Z=np.maximum(X_train@W+b, 0)
Zprime=np.maximum(X_train@Wk+bk, 0)
Zprime=(Zprime@T)

print(scipy.linalg.norm(Z-Zprime, ord=2))


In the worst possible case, this error could be exactly aligned with $U$.  Therefore, we can use the Cauchy-Schwartz inequality:  $||R_{22}U||\leq||U||\ ||R_{22}||$

Again, we can check this below.  



In [None]:
Uz=Z@U
UZprime=Zprime@U
print("norm of R22 U")
print(scipy.linalg.norm(Uz-UZprime, ord=2))
print("norm of R22 times norm of U")
print(scipy.linalg.norm(U, ord=2)*scipy.linalg.norm(R[k:None, k:None], ord=2))

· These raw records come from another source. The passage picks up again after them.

(* Let $p,q\in(0,1)$ be parameters of two Bernoulli distributions $[p,1-p]$ and $[q,1-q]$. Let $m\ge1$ be an integer such that $mp$ and $mq$ are integers. Define $l_{p2q}=\binom{m}{mp}q^{mp}(1-q)^{m-mp}$, the likelihood of observing empirical distribution $p$ from $m$ samples when the true distribution is $q$. Define $l_{q2p}=\binom{m}{mq}p^{mq}(1-p)^{m-mq}$ analogously. If $l_{p2q}>l_{q2p}$, then $D_{\chi^2}(p,q)<D_{\chi^2}(q,p)$.
   Context: For Bernoulli parameters $p,q\in(0,1)$, the $\chi^2$ divergence is $D_{\chi^2}(p,q)=\frac{p^2}{q}+\frac{(1-p)^2}{1-q}-1=\frac{(p-q)^2}{q(1-q)}$. *)

theory Defs
  imports Complex_Main
begin

definition chi2_div :: "real \<Rightarrow> real \<Rightarrow> real" where
  "chi2_div p q = p^2 / q + (1 - p)^2 / (1 - q) - 1"

definition lik :: "nat \<Rightarrow> nat \<Rightarrow> real \<Rightarrow> real" where
  "lik m k q = real (m choose k) * q ^ k * (1 - q) ^ (m - k)"

end

(* Let KL(p||q) be the Kullback-Leibler divergence of Bernoulli distributions. If k = m p then
   lik m k q = lik m k p * exp (- m KL(p||q)), and lik m k p = lik m k (k/m) is the peak value of
   the likelihood, which grows as k moves away from m/2 (this reduces to the monotonicity of
   (1 + 1/n)^n). Moreover KL(q||p) <= KL(p||q) whenever q is farther from 1/2 than p, by a
   derivative analysis of the gap KL(x||p) - KL(p||x), which vanishes at x = p and x = 1 - p.
   So if q (1 - q) <= p (1 - p), both factors give lik m a q <= lik m b p. Hence the hypothesis
   forces p (1 - p) < q (1 - q), and since chi2(p,q) = (p - q)^2 / (q (1 - q)) this is the claim. *)

theory Submission
  imports Defs
begin

definition bernoulli_kl :: "real \<Rightarrow> real \<Rightarrow> real" where
  "bernoulli_kl p q = p * (ln p - ln q) + (1 - p) * (ln (1 - p) - ln (1 - q))"

lemma bernoulli_kl_complement: "bernoulli_kl (1 - p) (1 - q) = bernoulli_kl p q"
  unfolding bernoulli_kl_def by (simp add: algebra_simps)

definition kl_gap_deriv :: "real \<Rightarrow> real \<Rightarrow> real" where
  "kl_gap_deriv p x = ln x - ln p - (ln (1 - x) - ln (1 - p)) + p / x - (1 - p) / (1 - x)"

lemma has_real_derivative_kl_gap:
  assumes "0 < x" "x < 1"
  shows "((\<lambda>x. bernoulli_kl x p - bernoulli_kl p x) has_real_derivative kl_gap_deriv p x)
           (at x)"
  unfolding bernoulli_kl_def kl_gap_deriv_def
  by (rule derivative_eq_intros refl | use assms in simp)+

lemma has_real_derivative_kl_gap_deriv:
  assumes "0 < x" "x < 1"
  shows "(kl_gap_deriv p has_real_derivative (x - p) * (1 - 2 * x) / (x * (1 - x))^2) (at x)"
proof -
  have "(kl_gap_deriv p has_real_derivative 1/x + 1/(1-x) - p/x^2 - (1-p)/(1-x)^2) (at x)"
    unfolding kl_gap_deriv_def
    by (rule derivative_eq_intros refl | use assms in \<open>simp add: power2_eq_square\<close>)+
  moreover have "1/x + 1/(1-x) - p/x^2 - (1-p)/(1-x)^2 = (x - p) * (1 - 2 * x) / (x * (1 - x))^2"
  proof -
    have "x \<noteq> 0" "1 - x \<noteq> 0" using assms by auto
    then show ?thesis by (simp add: field_simps) (simp add: power2_eq_square algebra_simps)
  qed
  ultimately show ?thesis by simp
qed

lemma two_ln_le_diff_inverse:
  fixes t :: real assumes "1 \<le> t" shows "2 * ln t \<le> t - 1 / t"
proof -
  have "(\<lambda>t. t - 1/t - 2 * ln t) 1 \<le> (\<lambda>t. t - 1/t - 2 * ln t) t"
  proof (rule DERIV_nonneg_imp_nondecreasing[OF assms])
    fix x :: real assume x: "1 \<le> x" "x \<le> t"
    have "((\<lambda>t. t - 1/t - 2 * ln t) has_real_derivative (1 - 1/x)^2) (at x)"
      using x by (auto intro!: derivative_eq_intros simp: field_simps power2_eq_square)
    then show "\<exists>y. ((\<lambda>t. t - 1/t - 2 * ln t) has_real_derivative y) (at x) \<and> 0 \<le> y"
      by auto
  qed
  then show ?thesis by simp
qed

lemma kl_gap_deriv_reflection_nonpos:
  assumes "0 < p" "p \<le> 1/2" shows "kl_gap_deriv p (1 - p) \<le> 0"
proof -
  define t where "t = (1 - p) / p"
  have "1 \<le> t" using assms by (simp add: t_def field_simps)
  moreover have "kl_gap_deriv p (1 - p) = 2 * ln t - (t - 1 / t)"
    using assms by (simp add: kl_gap_deriv_def t_def ln_div field_simps)
  ultimately show ?thesis using two_ln_le_diff_inverse by simp
qed

lemma bernoulli_kl_le_swap_below:
  assumes "0 < q" "q \<le> p" "p \<le> 1/2"
  shows "bernoulli_kl q p \<le> bernoulli_kl p q"
proof -
  have "kl_gap_deriv p p \<le> kl_gap_deriv p x" if "q \<le> x" "x \<le> p" for x
  proof (rule DERIV_nonpos_imp_nonincreasing[OF \<open>x \<le> p\<close>])
    fix y assume "x \<le> y" "y \<le> p"
    then have "0 < y" "y < 1" "(y - p) * (1 - 2 * y) / (y * (1 - y))^2 \<le> 0"
      using that assms by (auto intro!: divide_nonpos_nonneg mult_nonpos_nonneg)
    then show "\<exists>d. (kl_gap_deriv p has_real_derivative d) (at y) \<and> d \<le> 0"
      using has_real_derivative_kl_gap_deriv by blast
  qed
  then have deriv_nonneg: "0 \<le> kl_gap_deriv p x" if "q \<le> x" "x \<le> p" for x
    using that assms by (simp add: kl_gap_deriv_def)
  have "(\<lambda>x. bernoulli_kl x p - bernoulli_kl p x) q
      \<le> (\<lambda>x. bernoulli_kl x p - bernoulli_kl p x) p"
  proof (rule DERIV_nonneg_imp_nondecreasing[OF \<open>q \<le> p\<close>])
    fix x assume "q \<le> x" "x \<le> p"
    moreover from this have "0 < x" "x < 1" using assms by auto
    ultimately show "\<exists>d. ((\<lambda>x. bernoulli_kl x p - bernoulli_kl p x) has_real_derivative d) (at x)
        \<and> 0 \<le> d"
      using has_real_derivative_kl_gap deriv_nonneg by blast
  qed
  then show ?thesis by simp
qed

lemma bernoulli_kl_le_swap_above:
  assumes "0 < p" "p \<le> 1/2" "1 - p \<le> q" "q < 1"
  shows "bernoulli_kl q p \<le> bernoulli_kl p q"
proof -
  have "kl_gap_deriv p x \<le> kl_gap_deriv p (1 - p)" if "1 - p \<le> x" "x \<le> q" for x
  proof (rule DERIV_nonpos_imp_nonincreasing[OF \<open>1 - p \<le> x\<close>])
    fix y assume "1 - p \<le> y" "y \<le> x"
    then have "0 < y" "y < 1" "(y - p) * (1 - 2 * y) / (y * (1 - y))^2 \<le> 0"
      using that assms by (auto intro!: divide_nonpos_nonneg mult_nonneg_nonpos)
    then show "\<exists>d. (kl_gap_deriv p has_real_derivative d) (at y) \<and> d \<le> 0"
      using has_real_derivative_kl_gap_deriv by blast
  qed
  then have deriv_nonpos: "kl_gap_deriv p x \<le> 0" if "1 - p \<le> x" "x \<le> q" for x
    using that kl_gap_deriv_reflection_nonpos[OF assms(1,2)] by fastforce
  have "(\<lambda>x. bernoulli_kl x p - bernoulli_kl p x) q
      \<le> (\<lambda>x. bernoulli_kl x p - bernoulli_kl p x) (1 - p)"
  proof (rule DERIV_nonpos_imp_nonincreasing[OF \<open>1 - p \<le> q\<close>])
    fix x assume "1 - p \<le> x" "x \<le> q"
    moreover from this have "0 < x" "x < 1" using assms by auto
    ultimately show "\<exists>d. ((\<lambda>x. bernoulli_kl x p - bernoulli_kl p x) has_real_derivative d) (at x)
        \<and> d \<le> 0"
      using has_real_derivative_kl_gap deriv_nonpos by blast
  qed
  also have "\<dots> = 0"
    by (simp add: bernoulli_kl_def algebra_simps)
  finally show ?thesis by simp
qed

lemma bernoulli_kl_le_swap:
  assumes "0 < p" "p < 1" "0 < q" "q < 1" "q * (1 - q) \<le> p * (1 - p)"
  shows "bernoulli_kl q p \<le> bernoulli_kl p q"
proof -
  have "(p - 1/2)^2 \<le> (q - 1/2)^2"
    using assms(5) by (simp add: power2_eq_square algebra_simps)
  then have "\<bar>p - 1/2\<bar> \<le> \<bar>q - 1/2\<bar>"
    by (simp only: abs_le_square_iff)
  then consider "p \<le> 1/2" "q \<le> p" | "p \<le> 1/2" "1 - p \<le> q"
    | "1/2 \<le> p" "p \<le> q" | "1/2 \<le> p" "q \<le> 1 - p"
    by linarith
  then show ?thesis
  proof cases
    case 1
    then show ?thesis using bernoulli_kl_le_swap_below assms by blast
  next
    case 2
    then show ?thesis using bernoulli_kl_le_swap_above assms by blast
  next
    case 3
    then show ?thesis using bernoulli_kl_le_swap_below[of "1 - q" "1 - p"] assms
      by (simp add: bernoulli_kl_complement)
  next
    case 4
    then show ?thesis using bernoulli_kl_le_swap_above[of "1 - p" "1 - q"] assms
      by (simp add: bernoulli_kl_complement)
  qed
qed

lemma one_plus_inverse_power_le_Suc:
  "(1 + 1 / real n) ^ n \<le> (1 + 1 / real (Suc n)) ^ Suc n"
proof (cases "n = 0")
  case False
  define x where "x = real n + 1"
  define r where "r = (x - 1) / x"
  define s where "s = (x + 1) / x"
  have n_eq: "real n = x - 1" "real (Suc n) = x" by (simp_all add: x_def)
  have "1 < x" using False by (simp add: x_def)
  then have r_pos: "0 < r" by (simp add: r_def)
  have "1 + real (Suc n) * (- 1 / x^2) \<le> (1 + - 1 / x^2) ^ Suc n"
    using \<open>1 < x\<close> by (intro Bernoulli_inequality) (simp add: field_simps)
  moreover have "1 + real (Suc n) * (- 1 / x^2) = r" "1 + - 1 / x^2 = r * s"
    using \<open>1 < x\<close> by (simp_all add: n_eq r_def s_def field_simps power2_eq_square)
  ultimately have "r * 1 \<le> r * (r ^ n * s ^ Suc n)"
    by (simp add: power_mult_distrib mult_ac)
  then have "1 \<le> r ^ n * s ^ Suc n"
    using r_pos by (simp only: mult_le_cancel_left_pos)
  then have "(1 / r) ^ n \<le> s ^ Suc n"
    using r_pos by (simp add: power_one_over divide_simps mult.commute)
  moreover have "1 + 1 / real n = 1 / r" "1 + 1 / real (Suc n) = s"
    using \<open>1 < x\<close> by (simp_all add: n_eq r_def s_def field_simps)
  ultimately show ?thesis by simp
qed simp

lemma incseq_one_plus_inverse_power: "incseq (\<lambda>n. (1 + 1 / real n) ^ n)"
  by (rule incseq_SucI) (rule one_plus_inverse_power_le_Suc)

(* (1 + 1/k)^k <= (1 + 1/n)^n with the denominators cleared *)
lemma Suc_power_le:
  fixes k n :: nat
  assumes "k \<le> n"
  shows "real (Suc k) ^ k * real n ^ n \<le> real k ^ k * real (Suc n) ^ n"
proof -
  have Suc_power: "real (Suc j) ^ j = real j ^ j * (1 + 1 / real j) ^ j" for j :: nat
    by (cases "j = 0") (simp_all add: power_mult_distrib[symmetric] field_simps)
  have "(1 + 1 / real k) ^ k \<le> (1 + 1 / real n) ^ n"
    using incseq_one_plus_inverse_power assms by (rule incseqD)
  then have "real k ^ k * (1 + 1 / real k) ^ k * real n ^ n
      \<le> real k ^ k * ((1 + 1 / real n) ^ n * real n ^ n)"
    by (simp only: mult.assoc) (intro mult_left_mono mult_right_mono; simp)
  then show ?thesis
    by (simp only: Suc_power[of k] Suc_power[of n] mult.commute[of "real n ^ n"])
qed

definition scaled_max_lik :: "nat \<Rightarrow> nat \<Rightarrow> real" where
  "scaled_max_lik m k = real (m choose k) * real k ^ k * real (m - k) ^ (m - k)"

lemma lik_at_frequency:
  assumes "k \<le> m" "0 < m"
  shows "lik m k (real k / real m) = scaled_max_lik m k / real m ^ m"
proof -
  have "1 - real k / real m = real (m - k) / real m"
    using assms by (simp add: of_nat_diff field_simps)
  moreover have "real m ^ k * real m ^ (m - k) = real m ^ m"
    using assms by (simp add: power_add[symmetric])
  ultimately show ?thesis
    by (simp add: lik_def scaled_max_lik_def power_divide)
qed

lemma scaled_max_lik_Suc_le:
  assumes "2 * k + 1 \<le> m"
  shows "scaled_max_lik m (Suc k) \<le> scaled_max_lik m k"
proof -
  define n where "n = m - Suc k"
  have m_minus: "m - k = Suc n" "m - Suc k = n" "k \<le> n"
    using assms by (auto simp: n_def)
  have choose_Suc: "real (m choose Suc k) * real (Suc k) = real (m choose k) * real (Suc n)"
  proof -
    have "Suc k * (m choose Suc k) = m * (m - 1 choose k)"
      using binomial_absorption[of k m] by simp
    also have "\<dots> = (m - k) * (m choose k)"
      using binomial_absorb_comp[of m k] by simp
    finally show ?thesis
      using m_minus by (metis of_nat_mult mult.commute)
  qed
  have "scaled_max_lik m (Suc k)
      = real (m choose Suc k) * real (Suc k) * (real (Suc k) ^ k * real n ^ n)"
    by (simp add: scaled_max_lik_def m_minus mult_ac)
  also have "\<dots> = real (m choose k) * real (Suc n) * (real (Suc k) ^ k * real n ^ n)"
    by (simp only: choose_Suc)
  also have "\<dots> \<le> real (m choose k) * real (Suc n) * (real k ^ k * real (Suc n) ^ n)"
    using Suc_power_le[OF \<open>k \<le> n\<close>] by (intro mult_left_mono) auto
  also have "\<dots> = scaled_max_lik m k"
    by (simp add: scaled_max_lik_def m_minus mult_ac)
  finally show ?thesis .
qed

lemma scaled_max_lik_antimono:
  assumes "i \<le> j" "2 * j \<le> m + 1"
  shows "scaled_max_lik m j \<le> scaled_max_lik m i"
  using assms
proof (induction j rule: dec_induct)
  case (step j)
  then have "scaled_max_lik m (Suc j) \<le> scaled_max_lik m j"
    by (intro scaled_max_lik_Suc_le) simp
  with step show ?case by simp
qed simp

lemma scaled_max_lik_symmetric:
  assumes "k \<le> m"
  shows "scaled_max_lik m (m - k) = scaled_max_lik m k"
  using assms binomial_symmetric[OF assms] by (simp add: scaled_max_lik_def mult_ac)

Since the error $||R_{22}U||$ is much smaller than the maximum error, we have found that we do much better than the worst case!  

Overall, we can easily extend this method to multi-hidden-layer networks by writing them as multiplications of matrices, and then applying interpolative decompositions.  Convolutional networks (which are more commonly used for images) can be more difficult, but are doable.  

Finally, let's compare the compute times for each network:  



In [None]:
import time
start=time.time()
clf.score(X_train, y_train)
print("Time for big network:  {}s".format(time.time()-start))
start=time.time()
pruned.score(X_train, y_train)
print("Time for pruned network:  {}s".format(time.time()-start))

We have significantly reduced the time for our network to classify data points by pruning it and reducing the number of parameters!